Routing with Generated Data (RGD)

Updated 15 January 2026

Routing with Generated Data (RGD) is a framework that uses synthetic data to simulate queries and traffic patterns, improving routing optimization in various domains.
It generates annotated traffic matrices and synthetic instances to emulate complex network conditions for robust policy training and benchmarking.
RGD employs techniques like DRL and GNN-based architectures to achieve higher routing efficiency and scalability compared to traditional heuristics.

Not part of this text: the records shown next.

(* Let $\langle A;\cdot\rangle$ be a semigroup satisfying condition $( * )$. Then $\langle A;\cdot\rangle$ is an Abelian algebra if and only if $\langle A;\cdot\rangle$ is an inflation of a subsemigroup which is semisimple and is an Abelian algebra.
   Context: $A\cdot A=\{xy\mid x,y\in A\}$. Condition $( * )$: either ($bcA=bA$ and $Abc=Ac$ for all $b,c\in A$), or the set $A\cdot A$ is finite. A semigroup is semisimple if each of its principal factors is simple or $0$-simple. A semigroup $\langle A;\cdot\rangle$ is an inflation of a subsemigroup $\langle B;\cdot\rangle$ if there is a partition $\{X_b\mid b\in B\}$ of $A$ with $b\in X_b$ and $x\cdot y=a\cdot b$ for all $a,b\in B$, $x\in X_a$, $y\in X_b$. A polynomial operation of an algebra is an operation obtained from a term by substituting elements of the algebra for some of its variables. An algebra is called Abelian if for every polynomial operation $t(x,y_1,\ldots,y_n)$ and all elements $u,v,c_1,\ldots,c_n,d_1,\ldots,d_n$ of the algebra, $t(u,c_1,\ldots,c_n)=t(u,d_1,\ldots,d_n)$ implies $t(v,c_1,\ldots,c_n)=t(v,d_1,\ldots,d_n)$. *)

theory Defs
  imports Main
begin

definition semigroup_on :: "'a set \<Rightarrow> ('a \<Rightarrow> 'a \<Rightarrow> 'a) \<Rightarrow> bool" where
  "semigroup_on A f \<longleftrightarrow> (\<forall>x\<in>A. \<forall>y\<in>A. f x y \<in> A) \<and>
     (\<forall>x\<in>A. \<forall>y\<in>A. \<forall>z\<in>A. f (f x y) z = f x (f y z))"

definition prod_set :: "'a set \<Rightarrow> ('a \<Rightarrow> 'a \<Rightarrow> 'a) \<Rightarrow> 'a set" where
  "prod_set A f = {f x y | x y. x \<in> A \<and> y \<in> A}"

definition cond_star :: "'a set \<Rightarrow> ('a \<Rightarrow> 'a \<Rightarrow> 'a) \<Rightarrow> bool" where
  "cond_star A f \<longleftrightarrow>
     (\<forall>b\<in>A. \<forall>c\<in>A. {f (f b c) x | x. x \<in> A} = {f b x | x. x \<in> A} \<and>
                    {f x (f b c) | x. x \<in> A} = {f x c | x. x \<in> A})
     \<or> finite (prod_set A f)"

definition ideal_on :: "'a set \<Rightarrow> ('a \<Rightarrow> 'a \<Rightarrow> 'a) \<Rightarrow> 'a set \<Rightarrow> bool" where
  "ideal_on A f I \<longleftrightarrow> I \<noteq> {} \<and> I \<subseteq> A \<and> (\<forall>x\<in>I. \<forall>y\<in>A. f x y \<in> I \<and> f y x \<in> I)"

definition simple_sg :: "'a set \<Rightarrow> ('a \<Rightarrow> 'a \<Rightarrow> 'a) \<Rightarrow> bool" where
  "simple_sg A f \<longleftrightarrow> semigroup_on A f \<and> A \<noteq> {} \<and> (\<forall>I. ideal_on A f I \<longrightarrow> I = A)"

definition zero_simple_sg :: "'a set \<Rightarrow> ('a \<Rightarrow> 'a \<Rightarrow> 'a) \<Rightarrow> bool" where
  "zero_simple_sg A f \<longleftrightarrow> semigroup_on A f \<and>
     (\<exists>z\<in>A. (\<forall>x\<in>A. f z x = z \<and> f x z = z) \<and> prod_set A f \<noteq> {z} \<and>
        (\<forall>I. ideal_on A f I \<longrightarrow> I = {z} \<or> I = A))"

text \<open>Principal ideal J(a) = A^1 a A^1 and I(a) = {b in J(a). J(b) properly contained in J(a)}.\<close>
definition pideal :: "'a set \<Rightarrow> ('a \<Rightarrow> 'a \<Rightarrow> 'a) \<Rightarrow> 'a \<Rightarrow> 'a set" where
  "pideal A f a = {a} \<union> {f a x | x. x \<in> A} \<union> {f x a | x. x \<in> A}
                  \<union> {f (f x a) y | x y. x \<in> A \<and> y \<in> A}"
definition Ck_witness :: "'x topology \<Rightarrow> ('x \<Rightarrow> 'x \<Rightarrow> 'x) \<Rightarrow> ('k::{field,topological_space} \<Rightarrow> 'x \<Rightarrow> 'x)
    \<Rightarrow> ('k \<Rightarrow> 'y::{ab_group_add,topological_space} \<Rightarrow> 'y) \<Rightarrow> 'x set \<Rightarrow> ('x \<Rightarrow> 'y) \<Rightarrow> nat
    \<Rightarrow> (nat \<Rightarrow> ('x, 'k) itr \<Rightarrow> 'y) \<Rightarrow> bool" where
  "Ck_witness T ad sc scY V g k h \<longleftrightarrow>
     (\<forall>x\<in>V. h 0 (Base x) = g x) \<and>
     (\<forall>j\<le>k. continuous_map (subtopology (lvl_top T j) (iter_dom T ad sc V j)) euclidean (h j)) \<and>
     (\<forall>j<k. \<forall>a b t. Tri a b t \<in> iter_dom T ad sc V (Suc j) \<longrightarrow>
         h j (itr_add ad a (itr_scl sc t b)) - h j a = scY t (h (Suc j) (Tri a b t)))"

lemma Ck_nat_iff_Ck_witness: "Ck_nat T ad sc scY V g k \<longleftrightarrow> (\<exists>h. Ck_witness T ad sc scY V g k h)"
  unfolding Ck_nat_def Ck_witness_def ..

lemma Ck_witnessD:
  assumes "Ck_witness T ad sc scY V g k h"
  shows Ck_witness_base: "x \<in> V \<Longrightarrow> h 0 (Base x) = g x"
    and Ck_witness_continuous:
      "j \<le> k \<Longrightarrow> continuous_map (subtopology (lvl_top T j) (iter_dom T ad sc V j)) euclidean (h j)"
    and Ck_witness_difference_quotient:
      "j < k \<Longrightarrow> Tri a b t \<in> iter_dom T ad sc V (Suc j) \<Longrightarrow>
         h j (itr_add ad a (itr_scl sc t b)) - h j a = scY t (h (Suc j) (Tri a b t))"
  using assms unfolding Ck_witness_def by auto

section \<open>C^k maps along a linear open quotient map\<close>

text \<open>\<open>p\<close> plays the role of the quotient map \<open>E \<rightarrow> E/N\<close>, and \<open>T\<close>, \<open>ad\<close>, \<open>sc\<close> that of the
  quotient topology and operations; only their compatibility with \<open>p\<close> is assumed.\<close>

locale linear_open_quotient =
  fixes sE :: "'k::{field,topological_space} \<Rightarrow> 'e::{ab_group_add,topological_space} \<Rightarrow> 'e"
    and T :: "'y topology" and ad :: "'y \<Rightarrow> 'y \<Rightarrow> 'y" and sc :: "'k \<Rightarrow> 'y \<Rightarrow> 'y"
    and p :: "'e \<Rightarrow> 'y"
  assumes top_field: "top_field TYPE('k)" and tvs: "tvs sE"
    and p_add: "\<And>x y. p (x + y) = ad (p x) (p y)"
    and p_scale: "\<And>s x. p (sE s x) = sc s (p x)"
    and quotient_map_p: "quotient_map euclidean T p"
    and open_map_p: "open_map euclidean T p"
begin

Routing with Generated Data (RGD) encompasses a family of routing algorithms and learning frameworks in which synthetic, annotated, or derived data is explicitly generated and leveraged to improve model selection, policy learning, or network optimization. RGD subsumes approaches in networking, circuit design, and AI model selection where the availability of labeled real-world data is limited or insufficiently diverse for effective learning, necessitating the use of routing data or synthetic problem distributions to facilitate training, benchmarking, or operation.

1. Formal Definitions and Foundational Principles

The RGD setting is characterized by the dependence on generated queries, problem instances, or traffic matrices for routing or expert selection. In general, the RGD workflow can be formalized as follows:

Model Pool: $M = \{m_1, \ldots, m_M\}$ , encoding candidate routing agents or AI models.
Data Generator: $G$ is a generator (often an LLM or synthetic sampler), taking high-level descriptions $d_t$ (e.g., network specs, task types) and producing synthetic pairs $(\hat{q}_i, \hat{a}_i)$ or traffic instances.
Generated Training Data: $\hat{D}_{\text{train}} = \{(\hat{q}_i, \hat{a}_i)\}_{i=1}^N$ .
Router/Policy: $R: q \mapsto$ subset of $M$ or policy outputs, mapping a query or routing request to a decision.

The canonical RGD objective is maximizing expected accuracy, efficiency, or utility on downstream real (often out-of-distribution) tasks using only generated data:

$\max_{R} \mathbb{E}_{(q,a)\sim \hat{D}_{\text{train}}} \left[ \mathbb{I}\{ m^*(q) = R(q) \} \right]$

where $m^*(q)$ denotes the true best model or route for $q$ according to ground truth or aggregate performance (Niu et al., 14 Jan 2026).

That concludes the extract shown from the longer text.